Now, let's delve into the key concepts mentioned in the article about the roller coaster ride of Chinese stocks and the implications for exchange-traded funds (ETFs):

  1. Hang Seng Index and Hang Seng Tech Index:

    • The Hang Seng Index, a major stock market index in Hong Kong, experienced a significant drop of over 20% in March 2022, hitting a six-year low.
    • The Hang Seng Tech Index, which focuses on technology stocks listed in Hong Kong, collapsed by as much as 40% during the same period.
  2. Morningstar China Index:

    • The broad-based Morningstar China Index fell by 28.5% over the same period, reflecting the overall decline in the Chinese stock market.
  3. Coronavirus Lockdowns and Regulatory Conflict:

    • The selloff in Chinese stocks was attributed to concerns about the impact of coronavirus lockdowns in China.
    • Another contributing factor was the growing conflict between U.S. and Chinese regulators, with the Securities and Exchange Commission (SEC) considering the delisting of shares of China-based companies.
  4. ADR (American Depository Receipts):

    • The SEC warned about the potential delisting of shares in five China-based companies traded on the New York Stock Exchange and Nasdaq if they don't comply with tougher accounting and disclosure rules.

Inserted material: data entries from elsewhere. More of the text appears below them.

definition coord_change :: "nat \<Rightarrow> (nat \<Rightarrow> complex) \<Rightarrow> (nat \<Rightarrow> complex) set \<Rightarrow> nat set \<Rightarrow> nat set
     \<Rightarrow> (nat \<Rightarrow> complex) \<Rightarrow> (nat \<Rightarrow> complex)" where
  "coord_change n a Y I I' x = coordI I' (THE z. z \<in> Lset n a Y \<and> coordI I z = x)"

definition jac :: "nat \<Rightarrow> ((nat \<Rightarrow> complex) \<Rightarrow> (nat \<Rightarrow> complex)) \<Rightarrow> (nat \<Rightarrow> complex) \<Rightarrow> complex" where
  "jac n F x = Determinant.det (mat n n (\<lambda>(i, j). deriv (\<lambda>t. F (x(j := t)) i) (x j)))"

definition dminor :: "nat \<Rightarrow> (nat \<Rightarrow> nat \<Rightarrow> complex) \<Rightarrow> nat set \<Rightarrow> complex" where
  "dminor k b I = Determinant.det (mat k k (\<lambda>(i, l). b i (sorted_list_of_set I ! l)))"

end

theory Submission
  imports Defs
begin

text \<open>Differentiating r_a, the tangent space of L_{Y,a} at a point is {(u + D v, v) | u in Y, v in Y^perp}
  for a diagonal D, and on this linear space both (q_I, p_{bar I}) and (q_I', p_{bar I'}) are linear
  coordinates; the Jacobian is the determinant of the linear change between them. These changes
  compose, so it suffices to treat a single exchange I' = I - {i} + {j}. Let e be the vector of Y
  whose q_I-coordinates are those of the i-th unit vector. Then the change of coordinates is the identity
  except in rows i and j, where its 2x2 block has determinant e_j^2, and column j of the basis matrix
  is the combination of its columns in I with coefficients e, so d_{I'} = +- e_j d_I. Induction on
  the number of exchanges needed to reach I' from I gives (d_{I'}/d_I)^2; in particular the Jacobian
  does not depend on a or on the point.\<close>

lemma det_identity_outside_rows:
  fixes A :: "'a::comm_ring_1 mat"
  assumes A: "A \<in> carrier_mat n n" and K: "K \<subseteq> {0..<n}"
    and idr: "\<And>r c. r < n \<Longrightarrow> c < n \<Longrightarrow> r \<notin> K \<Longrightarrow> A $$ (r,c) = (if r = c then 1 else 0)"
  shows "det A = (\<Sum>p\<in>{p. p permutes K}. signof p * (\<Prod>r\<in>K. A $$ (r, p r)))"
proof -
  have "det A = (\<Sum> p \<in> {p. p permutes {0 ..< n}}. signof p * (\<Prod> i = 0 ..< n. A $$ (i, p i)))"
    using det_def'[OF A] .
  also have "\<dots> = (\<Sum>p\<in>{p. p permutes K}. signof p * (\<Prod>r\<in>K. A $$ (r, p r)))"
  proof (rule sum.mono_neutral_cong_right)
    show "finite {p. p permutes {0..<n}}" by (simp add: finite_permutations)
    show "{p. p permutes K} \<subseteq> {p. p permutes {0..<n}}" using K permutes_subset by blast
    show "\<forall>p\<in>{p. p permutes {0..<n}} - {p. p permutes K}. signof p * (\<Prod>i = 0..<n. A $$ (i, p i)) = 0"
    proof
      fix p assume p: "p \<in> {p. p permutes {0..<n}} - {p. p permutes K}"
      then have pn: "p permutes {0..<n}" and npK: "\<not> p permutes K" by auto
      have "\<exists>r. r \<notin> K \<and> p r \<noteq> r" using pn npK unfolding permutes_def by blast
      then obtain r where r: "r \<notin> K" "p r \<noteq> r" by auto
      have rn: "r < n" using r pn unfolding permutes_def by auto
      have prn: "p r < n" using rn pn permutes_in_image by fastforce
      have "A $$ (r, p r) = 0" using idr[OF rn prn r(1)] r(2) by auto
      then have "(\<Prod>i = 0..<n. A $$ (i, p i)) = 0"
        using rn by (intro prod_zero) auto
      then show "signof p * (\<Prod>i = 0..<n. A $$ (i, p i)) = 0" by simp
    qed
    show "signof p * (\<Prod>i = 0..<n. A $$ (i, p i)) = signof p * (\<Prod>r\<in>K. A $$ (r, p r))"
      if p: "p \<in> {p. p permutes K}" for p
    proof -
      have "(\<Prod>i = 0..<n. A $$ (i, p i)) = (\<Prod>r\<in>K. A $$ (r, p r))"
      proof (rule prod.mono_neutral_right)
        show "finite {0..<n}" by simp
        show "K \<subseteq> {0..<n}" by fact
        show "\<forall>i\<in>{0..<n} - K. A $$ (i, p i) = 1"
          using p idr unfolding permutes_def by auto
      qed
      then show ?thesis by simp
    qed
  qed
  finally show ?thesis .
qed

These shares are known as American depository receipts (ADRs).
  5. ETF Performance and Holdings:

    • ETFs with significant holdings in Chinese stocks faced losses despite a rebound in the market.
    • Examples include the Invesco Golden Dragon China ETF (PGJ), KraneShares CSI China Internet ETF (KWEB), and iShares MSCI China ETF (MCHI), which all experienced varying degrees of decline.
  6. SEC Delisting Threat:

    • The SEC identified five companies, including Yum China, ACM Research, BeiGene, Zai Lab, and HutchMed, that need to demonstrate audit compliance by the end of March to avoid potential delisting from U.S. bourses by 2024.
  7. ETF Portfolio Exposure:

    • ETFs like MCHI and thematic funds have exposure to the companies at risk of delisting, with specific weightings in the healthcare and consumer sectors.
  8. ETF Responses to Delisting Threat:

    • Some fund managers, such as KraneShares, are proactively transitioning their portfolios by converting ADR holdings to Hong Kong shares in anticipation of potential delistings.
  9. Implications for Investors:

    • The article suggests that, aside from market volatility, there shouldn't be significant implications for ETF shareholders in the event of delistings. Funds can convert U.S. shares into Hong Kong shares, and the delisting process itself may not have fundamental implications.
  10. Monitoring Developments:

    • The article emphasizes the importance of investors keeping an eye on developments related to the delisting threat, as these can impact the performance profile of ETFs.

In conclusion, the Chinese stock market's volatility, regulatory conflicts, and the SEC's delisting threat have created a complex landscape for investors and ETFs with exposure to Chinese stocks. Monitoring regulatory developments and fund responses is crucial for making informed investment decisions in this dynamic environment.